_Task goal_: Copy out, unchanged, every line from the start of the records to the line that contains "grad ghat \<gamma>", and stop there.

_Input material_:
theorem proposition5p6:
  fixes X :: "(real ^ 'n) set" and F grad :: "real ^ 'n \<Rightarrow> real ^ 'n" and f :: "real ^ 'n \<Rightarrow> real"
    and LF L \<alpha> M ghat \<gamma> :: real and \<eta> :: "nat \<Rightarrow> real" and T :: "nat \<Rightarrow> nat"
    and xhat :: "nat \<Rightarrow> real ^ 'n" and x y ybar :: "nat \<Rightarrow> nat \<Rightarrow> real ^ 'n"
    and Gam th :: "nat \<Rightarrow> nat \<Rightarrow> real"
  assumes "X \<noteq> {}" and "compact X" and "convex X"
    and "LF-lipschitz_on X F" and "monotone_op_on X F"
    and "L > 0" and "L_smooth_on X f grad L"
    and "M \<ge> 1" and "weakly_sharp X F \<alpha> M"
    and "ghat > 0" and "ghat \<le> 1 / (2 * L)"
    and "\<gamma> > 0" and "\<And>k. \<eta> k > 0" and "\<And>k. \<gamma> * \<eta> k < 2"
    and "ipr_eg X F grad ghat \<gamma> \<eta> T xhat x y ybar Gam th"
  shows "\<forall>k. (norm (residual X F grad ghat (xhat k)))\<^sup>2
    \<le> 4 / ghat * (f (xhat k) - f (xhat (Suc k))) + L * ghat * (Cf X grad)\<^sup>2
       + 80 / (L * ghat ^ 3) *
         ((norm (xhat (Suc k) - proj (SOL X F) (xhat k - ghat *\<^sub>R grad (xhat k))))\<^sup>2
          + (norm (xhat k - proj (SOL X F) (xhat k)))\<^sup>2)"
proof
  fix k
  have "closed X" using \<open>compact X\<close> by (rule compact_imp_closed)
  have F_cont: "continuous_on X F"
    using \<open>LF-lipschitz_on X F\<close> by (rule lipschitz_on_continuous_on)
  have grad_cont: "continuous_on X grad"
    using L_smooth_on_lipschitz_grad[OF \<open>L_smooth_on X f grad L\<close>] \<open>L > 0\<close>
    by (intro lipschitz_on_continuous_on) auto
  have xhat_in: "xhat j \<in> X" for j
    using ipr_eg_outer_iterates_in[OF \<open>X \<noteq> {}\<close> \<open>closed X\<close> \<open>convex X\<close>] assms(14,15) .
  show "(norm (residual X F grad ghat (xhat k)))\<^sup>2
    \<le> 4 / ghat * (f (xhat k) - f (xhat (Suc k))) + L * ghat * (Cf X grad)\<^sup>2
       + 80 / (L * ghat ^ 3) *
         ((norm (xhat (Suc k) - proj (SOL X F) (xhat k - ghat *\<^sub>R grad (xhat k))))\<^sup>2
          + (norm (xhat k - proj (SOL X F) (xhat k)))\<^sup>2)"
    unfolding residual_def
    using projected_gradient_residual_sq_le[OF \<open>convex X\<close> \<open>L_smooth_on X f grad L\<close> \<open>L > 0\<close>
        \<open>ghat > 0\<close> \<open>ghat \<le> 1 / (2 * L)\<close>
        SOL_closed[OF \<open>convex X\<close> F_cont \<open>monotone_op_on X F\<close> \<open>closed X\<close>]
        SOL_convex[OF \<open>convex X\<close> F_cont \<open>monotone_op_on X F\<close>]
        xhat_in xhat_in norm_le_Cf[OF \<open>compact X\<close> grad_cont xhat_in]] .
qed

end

_Written answer_:
theorem proposition5p6:
  fixes X :: "(real ^ 'n) set" and F grad :: "real ^ 'n \<Rightarrow> real ^ 'n" and f :: "real ^ 'n \<Rightarrow> real"
    and LF L \<alpha> M ghat \<gamma> :: real and \<eta> :: "nat \<Rightarrow> real" and T :: "nat \<Rightarrow> nat"
    and xhat :: "nat \<Rightarrow> real ^ 'n" and x y ybar :: "nat \<Rightarrow> nat \<Rightarrow> real ^ 'n"
    and Gam th :: "nat \<Rightarrow> nat \<Rightarrow> real"
  assumes "X \<noteq> {}" and "compact X" and "convex X"
    and "LF-lipschitz_on X F" and "monotone_op_on X F"
    and "L > 0" and "L_smooth_on X f grad L"
    and "M \<ge> 1" and "weakly_sharp X F \<alpha> M"
    and "ghat > 0" and "ghat \<le> 1 / (2 * L)"
    and "\<gamma> > 0" and "\<And>k. \<eta> k > 0" and "\<And>k. \<gamma> * \<eta> k < 2"
    and "ipr_eg X F grad ghat \<gamma> \<eta> T xhat x y ybar Gam th"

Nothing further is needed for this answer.